- [Brief]
Below are lines of data, and only some are wanted. Please repeat exactly those from the line that has "proof (induction rule: rtranclp_induct)" through the line that has "using calF_adj_edge step by blast".

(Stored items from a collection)
lemma closed_calF_subset_rtranclp:
  assumes "(calF_adj G)\<^sup>*\<^sup>* a b" "closed_faces G X" "X \<subseteq> calF G" "a \<in> X"
  shows "b \<in> X"
  using assms(1,4)
proof (induction rule: rtranclp_induct)
  case (step b c)
  show ?case
  proof (rule ccontr)
    assume "c \<notin> X"
    then obtain e where e: "e \<in> edges G" "iota_e G e \<inter> calF G = {b, c}"
      using calF_adj_edge step by blast
    then have "iota_e G e \<inter> X = {b}"
      using assms(3) step.IH \<open>c \<notin> X\<close> step.prems by auto
    then show False
      using assms(2) e(1) by (auto simp: closed_faces_def)
  qed
qed

lemma closed_faces_calF_component: "closed_faces G (calF_component G f)"
  unfolding closed_faces_def
proof
  fix e assume e: "e \<in> edges G"
  have sub: "iota_e G e \<inter> calF_component G f = iota_e G e \<inter> calF G \<inter> calF_component G f"
    using calF_component_subset[of G f] by blast
  from card_iota_e_Int_calF[OF e] show "even (card (iota_e G e \<inter> calF_component G f))"
  proof
    assume "card (iota_e G e \<inter> calF G) = 0"
    then show ?thesis
      using sub finite_iota_e by simp
  next
    assume "card (iota_e G e \<inter> calF G) \<in> {2}"
    then obtain a b where ab: "a \<noteq> b" "iota_e G e \<inter> calF G = {a, b}"
      by (auto simp: card_2_iff)
    then have "calF_adj G a b" "calF_adj G b a"
      using e by (auto simp: calF_adj_def)
    then have "a \<in> calF_component G f \<longleftrightarrow> b \<in> calF_component G f"
      using ab by (auto simp: calF_component_def intro: rtranclp.rtrancl_into_rtrancl)
    then show ?thesis
      using sub ab by (cases "a \<in> calF_component G f") (auto simp: Int_absorb2)
  qed
qed

section \<open>Face classes\<close>

lemma face_equiv_imp_calF_component:
  assumes "face_equiv G f g"
  shows "g \<in> calF_component G f"
proof (rule ccontr)
  let ?C = "calF_component G f"
  assume g: "g \<notin> ?C"
  have "f \<in> calF G" "g \<in> calF G"
    using assms by (auto simp: face_equiv_def)
  then have "f \<noteq> g"
    using g self_in_calF_component[of f G] by blast
  then obtain fs vs where fp: "face_path (vols G) (bdv G) (faces G) fs vs"
    and ends: "hd fs = f" "last fs = g" and stab: "({}, zprod_supp fs) \<in> stab_group G"
    using assms by (auto simp: face_equiv_def)
  have "finite ?C"
    using finite_subset[OF calF_component_subset finite_subset[OF calF_subset_faces finite_faces]] .
  moreover have "even (card (?C \<inter> r))" if "r \<in> iota_e G ` edges G" for r
    using that closed_faces_calF_component by (auto simp: closed_faces_def Int_commute)
  ultimately have "even (card (?C \<inter> zprod_supp fs))"
    using even_card_Int_symdiff_span[of "zprod_supp fs" "iota_e G ` edges G" ?C]
      stab_group_snd_in_span[OF stab] by simp
  moreover have "{i. i < length fs \<and> fs ! i \<in> ?C} = {0}"
  proof -
    have "fs ! 0 = f" "fs ! length vs = g"
      using face_path_hd_last[OF fp] ends by simp_all
    moreover have "i = 0 \<or> i = length vs" if "i < length fs" "fs ! i \<in> ?C" for i
      using face_path_calF_index[OF fp that(1)] that(2) calF_component_subset[of G f] by blast
    moreover have "0 < length fs"
      using fp by (simp add: face_path_def)
    ultimately show ?thesis
      using g self_in_calF_component[OF \<open>f \<in> calF G\<close>] by auto
  qed
  ultimately show False
    by (simp add: even_card_Int_zprod_supp)
qed

lemma finite_aug_vols: "finite (aug_vols G)"
proof -
  have "face_classes G \<subseteq> Pow (faces G)"
    by (auto simp: face_classes_def calF_def)
  then show ?thesis
    using finite_faces finite_vols by (simp add: aug_vols_def finite_subset)
qed

lemma aug_bd_subset_faces:
  assumes "w \<in> aug_vols G"
  shows "aug_bd G w \<subseteq> faces G"
proof (cases w)
  case (Inl v)
  then have "v \<in> vols G"
    using assms by (auto simp: aug_vols_def)
  then show ?thesis
    using cell_complex Inl by (simp add: aug_bd_def cell_complex3_def)
qed (use assms in \<open>auto simp: aug_vols_def aug_bd_def face_classes_def calF_def\<close>)

lemma aug_boundary_eq_symdiff_sum:
  "W \<subseteq> aug_vols G \<Longrightarrow> aug_boundary G W = symdiff_sum (aug_bd G) W"
  using aug_bd_subset_faces symdiff_sum_subset[of W "aug_bd G" "faces G"]
  by (auto simp: aug_boundary_def symdiff_sum_def)

lemma closed_faces_decomposition:
  assumes "D \<subseteq> faces G" "closed_faces G D"
  obtains W X where "W \<subseteq> Inl ` vols G" "X \<subseteq> calF G" "closed_faces G X"
    "D = symdiff (symdiff_sum (aug_bd G) W) X"
proof -
  have "bd_faces G D = {}"
    using assms bd_faces_eq_empty_iff by blast
  then obtain W\<^sub>0 where W\<^sub>0: "W\<^sub>0 \<subseteq> aug_vols G" "D = aug_boundary G W\<^sub>0"
    using L1_no_interior_boundaries assms(1) unfolding L1_def aug_boundary_def by blast
  define W where "W = W\<^sub>0 \<inter> range Inl"
  define X where "X = symdiff_sum (aug_bd G) (W\<^sub>0 - range Inl)"
  have fin: "finite W" "finite (W\<^sub>0 - range Inl)"
    using finite_subset[OF W\<^sub>0(1) finite_aug_vols] by (auto simp: W_def)
  have D: "D = symdiff (symdiff_sum (aug_bd G) W) X"
    using W\<^sub>0 symdiff_sum_Un[OF fin, of "aug_bd G"]
    by (simp add: aug_boundary_eq_symdiff_sum W_def X_def Int_Diff_Un Int_Diff_disjoint)
  have W: "W \<subseteq> Inl ` vols G"
    using W\<^sub>0(1) by (auto simp: W_def aug_vols_def)
  have "closed_faces G (symdiff_sum (aug_bd G) W)"
    using W closed_faces_bdv
    by (intro closed_faces_symdiff_sum[OF finite_faces fin(1)]) (auto simp: aug_bd_def)
  moreover have "X = symdiff D (symdiff_sum (aug_bd G) W)"
    using D by (auto simp: symdiff_def)
  ultimately have "closed_faces G X"
    using closed_faces_symdiff[OF finite_faces assms(2)] by simp
  moreover have "X \<subseteq> calF G"
    using W\<^sub>0(1)
    by (auto simp: X_def aug_vols_def aug_bd_def face_classes_def intro!: symdiff_sum_subset)
  ultimately show thesis
    using that W D by blast
qed

lemma even_card_closed_calF_Int_zprod_supp:
  assumes fp: "face_path (vols G) (bdv G) F fs vs" and "hd fs \<noteq> last fs"
    and "(calF_adj G)\<^sup>*\<^sup>* (hd fs) (last fs)" "closed_faces G X" "X \<subseteq> calF G"
  shows "even (card (X \<inter> zprod_supp fs))"
proof -
  have ends: "fs ! 0 = hd fs" "fs ! length vs = last fs" "0 \<noteq> length vs"
    using face_path_hd_last[OF fp] assms(2) by auto
  have "(calF_adj G)\<^sup>*\<^sup>* (last fs) (hd fs)"
    by (rule sympD[OF symp_rtranclp[OF symp_calF_adj] assms(3)])
  then have "hd fs \<in> X \<longleftrightarrow> last fs \<in> X"
    using closed_calF_subset_rtranclp[OF assms(3) assms(4,5)]
      closed_calF_subset_rtranclp[OF _ assms(4,5)] by blast
  moreover have "i = 0 \<or> i = length vs" if "i < length fs" "fs ! i \<in> X" for i
    using face_path_calF_index[OF fp] that assms(5) by blast
  moreover have "length vs < length fs"
    using fp by (simp add: face_path_def)
  ultimately have "{i. i < length fs \<and> fs ! i \<in> X} = (if hd fs \<in> X then {0, length vs} else {})"
    unfolding ends(1,2)[symmetric] by auto
  then show ?thesis
    using ends(3) by (simp add: even_card_Int_zprod_supp)
qed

- [Answer for this exercise]
proof (induction rule: rtranclp_induct)
  case (step b c)
  show ?case
  proof (rule ccontr)
    assume "c \<notin> X"
    then obtain e where e: "e \<in> edges G" "iota_e G e \<inter> calF G = {b, c}"
      using calF_adj_edge step by blast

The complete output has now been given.